[Stored data]
====

lemma bf_eq_add_theta:
  "1 \<le> i \<Longrightarrow> i \<le> n \<Longrightarrow> bf n i = Eu (2*n+1) (i+1) i + theta (2*n+1) (Eu (2*n+1) (i+1) i)"
  by (simp add: bf_def theta_Eu)

lemma bd_eq_add_theta:
  "1 \<le> i \<Longrightarrow> i \<le> n + 1 \<Longrightarrow> bd n i = Eu (2*n+1) i i + theta (2*n+1) (Eu (2*n+1) i i)"
  by (auto simp: bd_def theta_Eu intro!: eq_matI)

definition lie_closed ::
  "('v \<Rightarrow> 'v \<Rightarrow> 'v) \<Rightarrow> (complex \<Rightarrow> 'v \<Rightarrow> 'v) \<Rightarrow> ('v \<Rightarrow> 'v \<Rightarrow> 'v) \<Rightarrow> 'v set \<Rightarrow> bool" where
  "lie_closed addv scv brv S \<longleftrightarrow>
     (\<forall>x\<in>S. \<forall>y\<in>S. addv x y \<in> S \<and> brv x y \<in> S) \<and> (\<forall>c. \<forall>x\<in>S. scv c x \<in> S)"

definition lie_generates ::
  "'v set \<Rightarrow> ('v \<Rightarrow> 'v \<Rightarrow> 'v) \<Rightarrow> (complex \<Rightarrow> 'v \<Rightarrow> 'v) \<Rightarrow> ('v \<Rightarrow> 'v \<Rightarrow> 'v) \<Rightarrow> 'v set \<Rightarrow> bool" where
  "lie_generates L addv scv brv G \<longleftrightarrow>
     G \<subseteq> L \<and> (\<forall>S. lie_closed addv scv brv S \<longrightarrow> G \<subseteq> S \<longrightarrow> L \<subseteq> S)"

lemma lie_closedI:
  assumes "\<And>x y. x \<in> S \<Longrightarrow> y \<in> S \<Longrightarrow> addv x y \<in> S"
    and "\<And>x y. x \<in> S \<Longrightarrow> y \<in> S \<Longrightarrow> brv x y \<in> S"
    and "\<And>c x. x \<in> S \<Longrightarrow> scv c x \<in> S"
  shows "lie_closed addv scv brv S"
  using assms by (auto simp: lie_closed_def)

lemma lie_closedD:
  assumes "lie_closed addv scv brv S"
  shows "x \<in> S \<Longrightarrow> y \<in> S \<Longrightarrow> addv x y \<in> S" "x \<in> S \<Longrightarrow> y \<in> S \<Longrightarrow> brv x y \<in> S"
    "x \<in> S \<Longrightarrow> scv c x \<in> S"
  using assms by (auto simp: lie_closed_def)

lemma lie_closed_Int:
  "lie_closed addv scv brv S \<Longrightarrow> lie_closed addv scv brv T \<Longrightarrow> lie_closed addv scv brv (S \<inter> T)"
  by (auto simp: lie_closed_def)

lemma gtheta_lie_closed: "lie_closed (+) (\<cdot>\<^sub>m) commutator (gtheta n)"
  unfolding lie_closed_def commutator_def
  by (auto simp: gtheta_iff theta_add theta_smult theta_minus theta_mult minus_carrier_mat)

definition theta_gens :: "nat \<Rightarrow> complex mat set" where
  "theta_gens n = {be n i | i. 1 \<le> i \<and> i \<le> n} \<union> {bf n i | i. 1 \<le> i \<and> i \<le> n}
     \<union> {bd n i | i. 1 \<le> i \<and> i \<le> n + 1}"

lemma theta_gens_subset_gtheta: "theta_gens n \<subseteq> gtheta n"
  by (auto simp: theta_gens_def be_eq_add_theta bf_eq_add_theta bd_eq_add_theta
      simp del: One_nat_def intro!: add_theta_in_gtheta)

section \<open>Splitting along the eigenspaces of \<open>J\<close>\<close>

lemma sandwich_eq_zero_if_eigen:
  fixes J X L R :: "'a::idom mat"
  assumes J: "J \<in> carrier_mat N N" and X: "X \<in> carrier_mat N N"
    and L: "L \<in> carrier_mat r N" and R: "R \<in> carrier_mat N c"
    and LJ: "L * J = s \<cdot>\<^sub>m L" and JR: "J * R = t \<cdot>\<^sub>m R" and "s \<noteq> t" and JX: "J * X = X * J"
  shows "L * X * R = 0\<^sub>m r c"
proof -
  have "s \<cdot>\<^sub>m (L * X * R) = (s \<cdot>\<^sub>m L) * X * R"
    using X L R by (simp add: mat_dims_simps)
  also have "\<dots> = L * (J * X) * R"
    using J X L R by (simp add: LJ[symmetric] mat_dims_simps)
  also have "\<dots> = L * X * (J * R)"
    using J X L R by (simp add: JX mat_dims_simps)
  also have "\<dots> = t \<cdot>\<^sub>m (L * X * R)"
    using X L R by (simp add: JR mat_dims_simps)
  finally have st: "s \<cdot>\<^sub>m (L * X * R) = t \<cdot>\<^sub>m (L * X * R)" .
  show ?thesis
  proof (rule eq_matI)
    fix i j assume ij: "i < dim_row (0\<^sub>m r c :: 'a mat)" "j < dim_col (0\<^sub>m r c :: 'a mat)"
    have "s * (L * X * R) $$ (i,j) = t * (L * X * R) $$ (i,j)"
      using arg_cong[OF st, of "\<lambda>M. M $$ (i,j)"] ij L R by simp
    then show "(L * X * R) $$ (i,j) = 0\<^sub>m r c $$ (i,j)" using ij \<open>s \<noteq> t\<close> by simp
  qed (use L R in auto)
qed

lemma sandwich_mult_through_splitting:
  fixes X Y L R :: "'a::comm_ring_1 mat"
  assumes R1: "R1 \<in> carrier_mat N k1" and L1: "L1 \<in> carrier_mat k1 N"
    and R2: "R2 \<in> carrier_mat N k2" and L2: "L2 \<in> carrier_mat k2 N"
    and split: "R1 * L1 + R2 * L2 = 1\<^sub>m N"
    and L: "L \<in> carrier_mat r N" and R: "R \<in> carrier_mat N c"
    and X: "X \<in> carrier_mat N N" and Y: "Y \<in> carrier_mat N N"
    and vanish: "L * X * R2 = 0\<^sub>m r k2"
  shows "L * (X * Y) * R = (L * X * R1) * (L1 * Y * R)"
proof -
  have "L * (X * Y) * R = L * (X * (R1 * L1 + R2 * L2) * Y) * R"
    using X by (simp add: split)
  also have "\<dots> = (L * X * R1) * (L1 * Y * R) + (L * X * R2) * (L2 * Y * R)"
    using R1 L1 R2 L2 L R X Y by (simp add: mat_dims_simps)
  also have "\<dots> = (L * X * R1) * (L1 * Y * R)"
    using R1 L1 L2 L R X Y vanish by (simp add: mat_dims_simps)
  finally show ?thesis .
qed

lemma sandwich_commutator_through_splitting:
  assumes R1: "R1 \<in> carrier_mat N k1" and L1: "L1 \<in> carrier_mat k1 N"
    and R2: "R2 \<in> carrier_mat N k2" and L2: "L2 \<in> carrier_mat k2 N"
    and split: "R1 * L1 + R2 * L2 = 1\<^sub>m N"
    and X: "X \<in> carrier_mat N N" and Y: "Y \<in> carrier_mat N N"
    and vanish: "L1 * X * R2 = 0\<^sub>m k1 k2" "L1 * Y * R2 = 0\<^sub>m k1 k2"
  shows "L1 * commutator X Y * R1 = commutator (L1 * X * R1) (L1 * Y * R1)"
proof -
  have "L1 * commutator X Y * R1 = L1 * (X * Y) * R1 - L1 * (Y * X) * R1"
    using L1 R1 X Y by (simp add: commutator_def mat_dims_simps)
  also have "\<dots> = commutator (L1 * X * R1) (L1 * Y * R1)"
    unfolding commutator_def
    using sandwich_mult_through_splitting[OF R1 L1 R2 L2 split L1 R1 X Y vanish(1)]
      sandwich_mult_through_splitting[OF R1 L1 R2 L2 split L1 R1 Y X vanish(2)] by simp
  finally show ?thesis .
qed

lemma reconstruct_from_splitting:
  fixes X :: "'a::comm_ring_1 mat"
  assumes R1: "R1 \<in> carrier_mat N k1" and L1: "L1 \<in> carrier_mat k1 N"
    and R2: "R2 \<in> carrier_mat N k2" and L2: "L2 \<in> carrier_mat k2 N"
    and split: "R1 * L1 + R2 * L2 = 1\<^sub>m N" and X: "X \<in> carrier_mat N N"
    and vanish: "L1 * X * R2 = 0\<^sub>m k1 k2" "L2 * X * R1 = 0\<^sub>m k2 k1"
  shows "X = R1 * (L1 * X * R1) * L1 + R2 * (L2 * X * R2) * L2"
proof -
  have "X = (R1 * L1 + R2 * L2) * X * (R1 * L1 + R2 * L2)"
    using X by (simp add: split)
  also have "\<dots> = (R1 * (L1 * X * R1) * L1 + R2 * (L2 * X * R1) * L1)
      + (R1 * (L1 * X * R2) * L2 + R2 * (L2 * X * R2) * L2)"
    using R1 L1 R2 L2 X by (simp add: mat_dims_simps)
  also have "\<dots> = R1 * (L1 * X * R1) * L1 + R2 * (L2 * X * R2) * L2"
    using R1 L1 R2 L2 X vanish by (simp add: mat_dims_simps)
  finally show ?thesis .
qed

text \<open>In the standard basis \<open>e\<^sub>0, \<dots>, e\<^sub>2\<^sub>n\<close>, the columns of \<open>pos_basis n\<close> (\<open>e\<^sub>k + e\<^sub>2\<^sub>n\<^sub>-\<^sub>k\<close> for \<open>k < n\<close>,
  and \<open>2 e\<^sub>n\<close>, up to sign) span the
  \<open>1\<close>-eigenspace of \<open>J\<close>, those of \<open>neg_basis n\<close> (\<open>e\<^sub>k - e\<^sub>2\<^sub>n\<^sub>-\<^sub>k\<close>) the \<open>-1\<close>-eigenspace; the rows of
  \<open>pos_coord n\<close> and \<open>neg_coord n\<close> are the dual coordinates. The signs \<open>(-1)\<^sup>k\<close> and the factor \<open>2\<close>
  on the middle vector make the generators land exactly on the values prescribed for \<open>\<psi>\<close>.\<close>

definition pos_basis :: "nat \<Rightarrow> complex mat" where
  "pos_basis n = mat (2*n+1) (n+1) (\<lambda>(a,k). (-1)^k *
     (if k < n then (if a = k \<or> a = 2*n-k then 1 else 0) else (if a = n then 2 else 0)))"

definition pos_coord :: "nat \<Rightarrow> complex mat" where
  "pos_coord n = mat (n+1) (2*n+1) (\<lambda>(k,a). (-1)^k *
     (if k < n then (if a = k \<or> a = 2*n-k then 1/2 else 0) else (if a = n then 1/2 else 0)))"

definition neg_basis :: "nat \<Rightarrow> complex mat" where
  "neg_basis n = mat (2*n+1) n (\<lambda>(a,k). (-1)^k * (if a = k then 1 else if a = 2*n-k then -1 else 0))"

definition neg_coord :: "nat \<Rightarrow> complex mat" where
  "neg_coord n = mat n (2*n+1) (\<lambda>(k,a). (-1)^k * (if a = k then 1/2 else if a = 2*n-k then -1/2 else 0))"

lemma basis_coord_carrier:
  "pos_basis n \<in> carrier_mat (2*n+1) (n+1)" "pos_coord n \<in> carrier_mat (n+1) (2*n+1)"
  "neg_basis n \<in> carrier_mat (2*n+1) n" "neg_coord n \<in> carrier_mat n (2*n+1)"
  by (simp_all add: pos_basis_def pos_coord_def neg_basis_def neg_coord_def)

text \<open>\<open>simp\<close> rewrites \<open>2*n+1\<close> to \<open>Suc (2*n)\<close>, so the simp set needs the carriers in that form.\<close>

lemmas basis_coord_carrier_Suc [simp] = basis_coord_carrier[simplified]

lemma dim_basis_coord [simp]:
  "dim_row (pos_basis n) = 2*n+1" "dim_col (pos_basis n) = n+1"
  "dim_row (pos_coord n) = n+1" "dim_col (pos_coord n) = 2*n+1"
  "dim_row (neg_basis n) = 2*n+1" "dim_col (neg_basis n) = n"
  "dim_row (neg_coord n) = n" "dim_col (neg_coord n) = 2*n+1"
  by (simp_all add: pos_basis_def pos_coord_def neg_basis_def neg_coord_def)

lemma Jm_mult_pos_basis: "Jm (2*n+1) * pos_basis n = pos_basis n"
  by (rule Jm_mult_eqI) (auto simp: pos_basis_def)

lemma Jm_mult_neg_basis: "Jm (2*n+1) * neg_basis n = - neg_basis n"
  by (rule Jm_mult_eqI) (auto simp: neg_basis_def)

lemma pos_coord_mult_Jm: "pos_coord n * Jm (2*n+1) = pos_coord n"
  by (rule mult_Jm_eqI) (auto simp: pos_coord_def)

lemma neg_coord_mult_Jm: "neg_coord n * Jm (2*n+1) = - neg_coord n"
  by (rule mult_Jm_eqI) (auto simp: neg_coord_def)

lemma basis_coord_splitting:
  "pos_basis n * pos_coord n + neg_basis n * neg_coord n = 1\<^sub>m (2*n+1)"
proof (rule eq_matI)
  fix i j assume "i < dim_row (1\<^sub>m (2*n+1))" "j < dim_col (1\<^sub>m (2*n+1))"
  then have ij: "i < 2*n+1" "j < 2*n+1" by auto
  define k where "k = min i (2*n - i)"
  have k: "k \<le> n" "i = k \<or> i = 2*n - k" using ij by (auto simp: k_def)
  have pos: "(pos_basis n * pos_coord n) $$ (i,j) = pos_basis n $$ (i,k) * pos_coord n $$ (k,j)"
  proof -
    have "(pos_basis n * pos_coord n) $$ (i,j) = (\<Sum>a=0..<n+1. pos_basis n $$ (i,a) * pos_coord n $$ (a,j))"
      using ij by (intro index_mult_mat_sum) auto
    also have "\<dots> = pos_basis n $$ (i,k) * pos_coord n $$ (k,j)"
      using ij k by (intro sum_eq_single_term) (auto simp: pos_basis_def)
    finally show ?thesis .
  qed
  have neg: "(neg_basis n * neg_coord n) $$ (i,j) = (if k < n then neg_basis n $$ (i,k) * neg_coord n $$ (k,j) else 0)"
  proof -
    have "(neg_basis n * neg_coord n) $$ (i,j) = (\<Sum>a=0..<n. neg_basis n $$ (i,a) * neg_coord n $$ (a,j))"
      using ij by (intro index_mult_mat_sum) auto
    also have "\<dots> = (if k < n then neg_basis n $$ (i,k) * neg_coord n $$ (k,j) else 0)"
    proof (cases "k < n")
      case True
      then show ?thesis using ij k by (simp, intro sum_eq_single_term) (auto simp: neg_basis_def)
    next
      case False
      then show ?thesis using ij k by (simp, intro sum.neutral) (auto simp: neg_basis_def)
    qed
    finally show ?thesis .
  qed
  have "(pos_basis n * pos_coord n + neg_basis n * neg_coord n) $$ (i,j)
      = (pos_basis n * pos_coord n) $$ (i,j) + (neg_basis n * neg_coord n) $$ (i,j)"
    using ij by (intro index_add_mat(1)) auto
  also have "\<dots> = 1\<^sub>m (2*n+1) $$ (i,j)"
    unfolding pos neg using ij k by (auto simp: pos_basis_def pos_coord_def neg_basis_def neg_coord_def)
  finally show "(pos_basis n * pos_coord n + neg_basis n * neg_coord n) $$ (i,j) = 1\<^sub>m (2*n+1) $$ (i,j)" .
qed auto

lemma basis_coord_splitting_swapped:
  "neg_basis n * neg_coord n + pos_basis n * pos_coord n = 1\<^sub>m (2*n+1)"
  using basis_coord_splitting[of n]
    comm_add_mat[OF mult_carrier_mat[OF basis_coord_carrier(1,2)] mult_carrier_mat[OF basis_coord_carrier(3,4)]]
  by simp

lemma pos_coord_entry: "k \<le> n \<Longrightarrow> x \<le> n \<Longrightarrow> pos_coord n $$ (k,x) = (if k = x then (-1)^x / 2 else 0)"
  and pos_basis_entry:
    "x \<le> n \<Longrightarrow> j \<le> n \<Longrightarrow> pos_basis n $$ (x,j) = (if j = x then (-1)^x * (if x = n then 2 else 1) else 0)"
  and neg_coord_entry: "k < n \<Longrightarrow> x \<le> n \<Longrightarrow> neg_coord n $$ (k,x) = (if k = x then (-1)^x / 2 else 0)"
  and neg_basis_entry: "x \<le> n \<Longrightarrow> j < n \<Longrightarrow> neg_basis n $$ (x,j) = (if j = x then (-1)^x else 0)"
  by (auto simp: pos_coord_def pos_basis_def neg_coord_def neg_basis_def)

====

§ WORK ITEM
Whenever the word "noteq" occurs in a line above, copy that line.

§ RESULT OF THE EXERCISE
    and LJ: "L * J = s \<cdot>\<^sub>m L" and JR: "J * R = t \<cdot>\<^sub>m R" and "s \<noteq> t" and JX: "J * X = X * J"
    then show "(L * X * R) $$ (i,j) = 0\<^sub>m r c $$ (i,j)" using ij \<open>s \<noteq> t\<close> by simp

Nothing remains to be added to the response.